## Work to complete
Which lines below include the string "from"? Please show each one.

## Data to process

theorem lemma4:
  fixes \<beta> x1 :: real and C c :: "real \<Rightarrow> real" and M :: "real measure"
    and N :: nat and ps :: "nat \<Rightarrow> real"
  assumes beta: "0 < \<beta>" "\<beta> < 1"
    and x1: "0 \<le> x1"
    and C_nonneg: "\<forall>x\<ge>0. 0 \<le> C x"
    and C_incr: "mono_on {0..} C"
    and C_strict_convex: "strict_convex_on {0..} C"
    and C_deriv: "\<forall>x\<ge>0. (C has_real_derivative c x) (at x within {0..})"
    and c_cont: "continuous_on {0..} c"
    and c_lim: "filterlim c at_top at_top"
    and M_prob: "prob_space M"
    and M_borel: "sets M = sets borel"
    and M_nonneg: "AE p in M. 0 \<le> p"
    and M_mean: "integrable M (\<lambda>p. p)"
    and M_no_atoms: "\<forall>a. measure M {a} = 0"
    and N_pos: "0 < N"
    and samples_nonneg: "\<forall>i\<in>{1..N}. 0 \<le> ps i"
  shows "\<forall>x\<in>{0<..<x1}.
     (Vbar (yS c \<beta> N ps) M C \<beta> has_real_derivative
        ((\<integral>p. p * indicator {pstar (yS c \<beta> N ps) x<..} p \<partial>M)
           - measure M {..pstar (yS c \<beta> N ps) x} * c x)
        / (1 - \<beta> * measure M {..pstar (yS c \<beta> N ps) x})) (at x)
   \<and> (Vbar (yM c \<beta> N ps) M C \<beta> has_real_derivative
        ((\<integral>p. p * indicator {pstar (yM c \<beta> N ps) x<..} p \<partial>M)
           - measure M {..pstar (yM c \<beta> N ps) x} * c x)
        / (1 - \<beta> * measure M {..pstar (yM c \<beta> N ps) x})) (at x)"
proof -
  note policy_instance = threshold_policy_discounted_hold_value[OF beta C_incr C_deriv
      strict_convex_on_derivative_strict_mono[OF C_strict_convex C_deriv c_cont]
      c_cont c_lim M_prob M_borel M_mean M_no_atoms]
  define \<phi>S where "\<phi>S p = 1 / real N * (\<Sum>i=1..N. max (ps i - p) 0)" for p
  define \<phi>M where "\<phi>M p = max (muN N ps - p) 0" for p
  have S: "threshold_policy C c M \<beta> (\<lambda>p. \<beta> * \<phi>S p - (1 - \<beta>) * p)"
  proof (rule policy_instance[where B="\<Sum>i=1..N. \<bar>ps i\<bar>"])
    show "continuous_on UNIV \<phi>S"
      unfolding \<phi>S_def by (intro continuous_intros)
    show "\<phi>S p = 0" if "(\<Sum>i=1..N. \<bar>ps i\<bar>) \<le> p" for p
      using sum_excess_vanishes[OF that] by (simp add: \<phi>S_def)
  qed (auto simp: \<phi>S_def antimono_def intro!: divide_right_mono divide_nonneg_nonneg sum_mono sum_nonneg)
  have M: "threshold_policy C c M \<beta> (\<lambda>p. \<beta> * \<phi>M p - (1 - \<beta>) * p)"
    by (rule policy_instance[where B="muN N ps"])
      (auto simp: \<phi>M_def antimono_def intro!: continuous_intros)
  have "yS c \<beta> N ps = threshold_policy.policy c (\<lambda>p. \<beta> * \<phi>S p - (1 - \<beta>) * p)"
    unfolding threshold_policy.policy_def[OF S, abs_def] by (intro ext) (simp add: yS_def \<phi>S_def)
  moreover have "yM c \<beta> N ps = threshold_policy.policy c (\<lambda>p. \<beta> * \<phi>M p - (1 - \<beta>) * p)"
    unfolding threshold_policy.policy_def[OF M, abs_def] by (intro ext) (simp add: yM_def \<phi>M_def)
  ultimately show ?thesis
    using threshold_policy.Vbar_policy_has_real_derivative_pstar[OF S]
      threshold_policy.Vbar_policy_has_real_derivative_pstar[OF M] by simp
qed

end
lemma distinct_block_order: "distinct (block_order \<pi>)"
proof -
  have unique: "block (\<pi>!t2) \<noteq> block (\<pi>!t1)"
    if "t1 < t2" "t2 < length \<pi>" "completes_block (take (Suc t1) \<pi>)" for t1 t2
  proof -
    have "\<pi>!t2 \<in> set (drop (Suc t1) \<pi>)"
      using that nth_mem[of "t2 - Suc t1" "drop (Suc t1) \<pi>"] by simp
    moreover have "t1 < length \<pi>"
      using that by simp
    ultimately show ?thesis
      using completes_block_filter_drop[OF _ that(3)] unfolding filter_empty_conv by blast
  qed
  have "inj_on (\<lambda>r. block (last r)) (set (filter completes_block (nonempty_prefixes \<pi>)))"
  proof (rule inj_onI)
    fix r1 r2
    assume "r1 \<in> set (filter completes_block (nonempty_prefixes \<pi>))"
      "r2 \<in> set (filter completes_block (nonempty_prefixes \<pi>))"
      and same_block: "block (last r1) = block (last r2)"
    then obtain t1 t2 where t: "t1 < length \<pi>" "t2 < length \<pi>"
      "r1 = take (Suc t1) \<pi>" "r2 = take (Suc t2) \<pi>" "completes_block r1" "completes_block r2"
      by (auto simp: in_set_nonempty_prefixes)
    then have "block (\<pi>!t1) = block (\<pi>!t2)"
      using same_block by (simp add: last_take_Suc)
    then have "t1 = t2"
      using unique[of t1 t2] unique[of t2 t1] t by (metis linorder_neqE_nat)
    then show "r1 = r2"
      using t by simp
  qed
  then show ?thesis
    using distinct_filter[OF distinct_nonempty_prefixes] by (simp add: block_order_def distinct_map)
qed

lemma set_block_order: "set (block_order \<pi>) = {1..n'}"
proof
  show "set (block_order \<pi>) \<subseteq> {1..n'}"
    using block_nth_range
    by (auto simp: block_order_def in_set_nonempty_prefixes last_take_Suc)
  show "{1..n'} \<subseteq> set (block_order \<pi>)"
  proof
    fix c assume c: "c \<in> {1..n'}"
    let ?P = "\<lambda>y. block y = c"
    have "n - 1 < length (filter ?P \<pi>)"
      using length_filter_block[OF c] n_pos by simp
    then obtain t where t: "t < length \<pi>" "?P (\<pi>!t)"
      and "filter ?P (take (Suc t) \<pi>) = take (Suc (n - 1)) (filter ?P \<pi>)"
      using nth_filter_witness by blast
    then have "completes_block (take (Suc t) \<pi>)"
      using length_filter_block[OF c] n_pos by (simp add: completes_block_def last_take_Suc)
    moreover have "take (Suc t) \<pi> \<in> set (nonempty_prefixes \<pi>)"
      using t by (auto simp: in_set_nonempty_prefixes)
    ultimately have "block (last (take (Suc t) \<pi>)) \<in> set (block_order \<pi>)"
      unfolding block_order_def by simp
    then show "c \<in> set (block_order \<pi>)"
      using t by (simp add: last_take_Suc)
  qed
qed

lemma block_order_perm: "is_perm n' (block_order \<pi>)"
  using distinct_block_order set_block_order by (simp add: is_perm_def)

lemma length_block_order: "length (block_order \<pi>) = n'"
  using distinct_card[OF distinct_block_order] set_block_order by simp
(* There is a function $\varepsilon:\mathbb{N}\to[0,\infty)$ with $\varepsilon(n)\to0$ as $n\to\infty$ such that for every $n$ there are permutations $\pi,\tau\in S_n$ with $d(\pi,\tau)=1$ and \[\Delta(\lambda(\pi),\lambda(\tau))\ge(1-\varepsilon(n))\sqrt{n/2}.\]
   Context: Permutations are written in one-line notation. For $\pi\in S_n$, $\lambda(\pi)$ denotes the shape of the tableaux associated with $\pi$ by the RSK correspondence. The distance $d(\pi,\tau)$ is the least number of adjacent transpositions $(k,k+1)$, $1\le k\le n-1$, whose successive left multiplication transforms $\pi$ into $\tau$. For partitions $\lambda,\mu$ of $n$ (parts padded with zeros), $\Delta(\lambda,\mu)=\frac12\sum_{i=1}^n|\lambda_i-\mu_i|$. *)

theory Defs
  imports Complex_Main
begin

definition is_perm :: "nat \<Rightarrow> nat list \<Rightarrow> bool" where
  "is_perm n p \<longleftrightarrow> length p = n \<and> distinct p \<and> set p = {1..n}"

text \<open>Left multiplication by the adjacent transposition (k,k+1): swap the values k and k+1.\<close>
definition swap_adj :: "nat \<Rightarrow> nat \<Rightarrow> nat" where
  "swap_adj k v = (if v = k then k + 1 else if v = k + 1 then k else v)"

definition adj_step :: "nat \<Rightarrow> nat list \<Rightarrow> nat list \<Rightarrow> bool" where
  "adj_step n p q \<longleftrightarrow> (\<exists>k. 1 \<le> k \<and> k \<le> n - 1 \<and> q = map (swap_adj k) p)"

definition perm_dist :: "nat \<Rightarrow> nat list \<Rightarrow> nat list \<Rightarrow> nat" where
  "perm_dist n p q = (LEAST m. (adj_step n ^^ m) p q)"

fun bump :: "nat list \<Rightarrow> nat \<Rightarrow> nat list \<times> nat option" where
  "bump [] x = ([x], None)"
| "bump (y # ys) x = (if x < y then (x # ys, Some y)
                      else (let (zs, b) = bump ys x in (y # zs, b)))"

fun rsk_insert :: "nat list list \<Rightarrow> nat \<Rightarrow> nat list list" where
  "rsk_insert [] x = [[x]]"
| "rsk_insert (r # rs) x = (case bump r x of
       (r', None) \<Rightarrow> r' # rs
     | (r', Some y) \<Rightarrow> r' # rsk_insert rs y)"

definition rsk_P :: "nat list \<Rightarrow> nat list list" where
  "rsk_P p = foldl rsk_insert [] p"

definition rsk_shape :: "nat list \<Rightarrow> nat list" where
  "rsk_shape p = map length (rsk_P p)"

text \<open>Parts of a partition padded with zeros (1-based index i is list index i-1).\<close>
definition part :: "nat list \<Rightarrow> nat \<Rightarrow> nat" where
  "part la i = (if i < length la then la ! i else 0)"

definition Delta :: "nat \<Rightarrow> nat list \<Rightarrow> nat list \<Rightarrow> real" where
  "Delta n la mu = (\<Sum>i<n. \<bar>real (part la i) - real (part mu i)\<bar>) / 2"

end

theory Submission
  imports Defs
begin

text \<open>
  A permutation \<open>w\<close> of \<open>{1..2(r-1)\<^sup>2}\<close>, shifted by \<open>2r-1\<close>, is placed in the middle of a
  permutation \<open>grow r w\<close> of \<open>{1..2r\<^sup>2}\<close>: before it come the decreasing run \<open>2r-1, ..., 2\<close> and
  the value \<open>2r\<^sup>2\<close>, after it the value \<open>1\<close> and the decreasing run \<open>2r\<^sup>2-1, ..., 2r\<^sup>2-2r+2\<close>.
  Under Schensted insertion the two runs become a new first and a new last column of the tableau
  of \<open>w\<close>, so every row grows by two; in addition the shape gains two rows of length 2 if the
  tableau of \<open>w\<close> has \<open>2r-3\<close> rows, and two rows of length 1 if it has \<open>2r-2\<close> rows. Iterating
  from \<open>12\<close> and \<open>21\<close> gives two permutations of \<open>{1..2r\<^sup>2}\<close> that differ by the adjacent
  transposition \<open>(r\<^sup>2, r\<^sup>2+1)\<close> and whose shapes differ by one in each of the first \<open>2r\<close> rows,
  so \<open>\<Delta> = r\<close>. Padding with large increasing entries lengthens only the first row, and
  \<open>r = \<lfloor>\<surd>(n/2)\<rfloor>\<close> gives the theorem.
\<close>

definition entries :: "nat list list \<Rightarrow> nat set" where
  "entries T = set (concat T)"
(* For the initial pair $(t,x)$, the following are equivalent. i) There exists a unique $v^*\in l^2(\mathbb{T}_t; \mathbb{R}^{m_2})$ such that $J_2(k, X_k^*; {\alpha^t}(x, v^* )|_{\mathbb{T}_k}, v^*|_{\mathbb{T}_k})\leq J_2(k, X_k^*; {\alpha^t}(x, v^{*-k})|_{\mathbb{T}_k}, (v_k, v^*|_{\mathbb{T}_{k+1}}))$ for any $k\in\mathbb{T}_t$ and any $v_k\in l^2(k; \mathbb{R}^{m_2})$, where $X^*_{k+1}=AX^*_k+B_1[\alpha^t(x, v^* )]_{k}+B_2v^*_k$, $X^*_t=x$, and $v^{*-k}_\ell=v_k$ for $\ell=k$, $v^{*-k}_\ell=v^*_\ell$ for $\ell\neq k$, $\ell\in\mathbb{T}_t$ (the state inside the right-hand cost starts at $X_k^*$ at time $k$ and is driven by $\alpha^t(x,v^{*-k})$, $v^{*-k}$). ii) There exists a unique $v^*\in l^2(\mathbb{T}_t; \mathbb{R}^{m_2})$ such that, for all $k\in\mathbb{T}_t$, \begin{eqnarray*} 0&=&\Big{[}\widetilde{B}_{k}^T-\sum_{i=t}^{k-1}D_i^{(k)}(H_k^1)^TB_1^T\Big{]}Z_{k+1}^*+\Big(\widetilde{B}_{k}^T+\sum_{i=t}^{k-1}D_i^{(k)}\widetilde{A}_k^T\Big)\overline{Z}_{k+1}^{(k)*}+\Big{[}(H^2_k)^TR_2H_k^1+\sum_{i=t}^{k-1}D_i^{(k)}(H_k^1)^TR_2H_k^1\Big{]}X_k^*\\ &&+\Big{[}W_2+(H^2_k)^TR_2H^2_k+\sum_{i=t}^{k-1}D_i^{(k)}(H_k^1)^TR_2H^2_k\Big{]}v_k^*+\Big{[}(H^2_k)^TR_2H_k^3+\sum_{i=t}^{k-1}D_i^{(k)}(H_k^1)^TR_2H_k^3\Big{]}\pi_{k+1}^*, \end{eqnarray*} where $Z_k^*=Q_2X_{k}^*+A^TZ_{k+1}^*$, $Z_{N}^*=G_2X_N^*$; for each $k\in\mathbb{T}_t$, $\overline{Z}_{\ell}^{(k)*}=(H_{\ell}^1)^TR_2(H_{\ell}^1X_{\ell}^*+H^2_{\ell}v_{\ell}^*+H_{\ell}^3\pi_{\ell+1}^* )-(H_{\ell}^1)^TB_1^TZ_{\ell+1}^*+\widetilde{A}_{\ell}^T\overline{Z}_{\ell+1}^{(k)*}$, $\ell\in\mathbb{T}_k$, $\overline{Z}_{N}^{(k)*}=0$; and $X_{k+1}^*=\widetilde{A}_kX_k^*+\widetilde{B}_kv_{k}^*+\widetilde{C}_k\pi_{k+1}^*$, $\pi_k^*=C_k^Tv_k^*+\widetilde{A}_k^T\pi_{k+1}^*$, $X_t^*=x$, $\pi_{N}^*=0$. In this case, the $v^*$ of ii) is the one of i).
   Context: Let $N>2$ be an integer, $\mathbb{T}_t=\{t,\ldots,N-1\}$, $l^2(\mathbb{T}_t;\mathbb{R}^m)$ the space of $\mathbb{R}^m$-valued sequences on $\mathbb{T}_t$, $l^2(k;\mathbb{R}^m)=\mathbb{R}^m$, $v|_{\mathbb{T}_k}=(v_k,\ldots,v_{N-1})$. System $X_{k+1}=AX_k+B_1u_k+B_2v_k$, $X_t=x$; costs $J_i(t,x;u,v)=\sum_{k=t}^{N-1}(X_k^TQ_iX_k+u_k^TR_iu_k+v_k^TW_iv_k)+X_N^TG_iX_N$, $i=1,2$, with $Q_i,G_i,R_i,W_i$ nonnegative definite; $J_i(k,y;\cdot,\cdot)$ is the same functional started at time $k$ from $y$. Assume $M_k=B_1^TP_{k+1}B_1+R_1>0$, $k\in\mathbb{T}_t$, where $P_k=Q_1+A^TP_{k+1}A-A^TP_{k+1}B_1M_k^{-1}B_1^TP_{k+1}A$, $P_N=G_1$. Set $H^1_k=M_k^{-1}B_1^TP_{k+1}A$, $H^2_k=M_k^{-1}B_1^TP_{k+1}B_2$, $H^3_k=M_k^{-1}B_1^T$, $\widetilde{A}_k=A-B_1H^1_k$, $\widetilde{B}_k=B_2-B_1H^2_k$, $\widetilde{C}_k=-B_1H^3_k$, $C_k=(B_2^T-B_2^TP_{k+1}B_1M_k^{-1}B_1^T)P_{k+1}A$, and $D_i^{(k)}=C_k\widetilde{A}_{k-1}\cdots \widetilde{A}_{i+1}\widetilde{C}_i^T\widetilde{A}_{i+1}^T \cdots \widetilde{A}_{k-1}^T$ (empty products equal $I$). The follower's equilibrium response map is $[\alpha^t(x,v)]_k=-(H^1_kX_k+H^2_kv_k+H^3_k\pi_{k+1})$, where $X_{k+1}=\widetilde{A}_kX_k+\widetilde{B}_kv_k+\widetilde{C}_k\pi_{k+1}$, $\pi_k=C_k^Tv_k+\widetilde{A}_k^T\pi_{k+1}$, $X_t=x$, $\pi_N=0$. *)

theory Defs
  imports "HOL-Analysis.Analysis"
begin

## Written reply
  from \<open>12\<close> and \<open>21\<close> gives two permutations of \<open>{1..2r\<^sup>2}\<close> that differ by the adjacent
   Context: Let $N>2$ be an integer, $\mathbb{T}_t=\{t,\ldots,N-1\}$, $l^2(\mathbb{T}_t;\mathbb{R}^m)$ the space of $\mathbb{R}^m$-valued sequences on $\mathbb{T}_t$, $l^2(k;\mathbb{R}^m)=\mathbb{R}^m$, $v|_{\mathbb{T}_k}=(v_k,\ldots,v_{N-1})$. System $X_{k+1}=AX_k+B_1u_k+B_2v_k$, $X_t=x$; costs $J_i(t,x;u,v)=\sum_{k=t}^{N-1}(X_k^TQ_iX_k+u_k^TR_iu_k+v_k^TW_iv_k)+X_N^TG_iX_N$, $i=1,2$, with $Q_i,G_i,R_i,W_i$ nonnegative definite; $J_i(k,y;\cdot,\cdot)$ is the same functional started at time $k$ from $y$. Assume $M_k=B_1^TP_{k+1}B_1+R_1>0$, $k\in\mathbb{T}_t$, where $P_k=Q_1+A^TP_{k+1}A-A^TP_{k+1}B_1M_k^{-1}B_1^TP_{k+1}A$, $P_N=G_1$. Set $H^1_k=M_k^{-1}B_1^TP_{k+1}A$, $H^2_k=M_k^{-1}B_1^TP_{k+1}B_2$, $H^3_k=M_k^{-1}B_1^T$, $\widetilde{A}_k=A-B_1H^1_k$, $\widetilde{B}_k=B_2-B_1H^2_k$, $\widetilde{C}_k=-B_1H^3_k$, $C_k=(B_2^T-B_2^TP_{k+1}B_1M_k^{-1}B_1^T)P_{k+1}A$, and $D_i^{(k)}=C_k\widetilde{A}_{k-1}\cdots \widetilde{A}_{i+1}\widetilde{C}_i^T\widetilde{A}_{i+1}^T \cdots \widetilde{A}_{k-1}^T$ (empty products equal $I$). The follower's equilibrium response map is $[\alpha^t(x,v)]_k=-(H^1_kX_k+H^2_kv_k+H^3_k\pi_{k+1})$, where $X_{k+1}=\widetilde{A}_kX_k+\widetilde{B}_kv_k+\widetilde{C}_k\pi_{k+1}$, $\pi_k=C_k^Tv_k+\widetilde{A}_k^T\pi_{k+1}$, $X_t=x$, $\pi_N=0$. *)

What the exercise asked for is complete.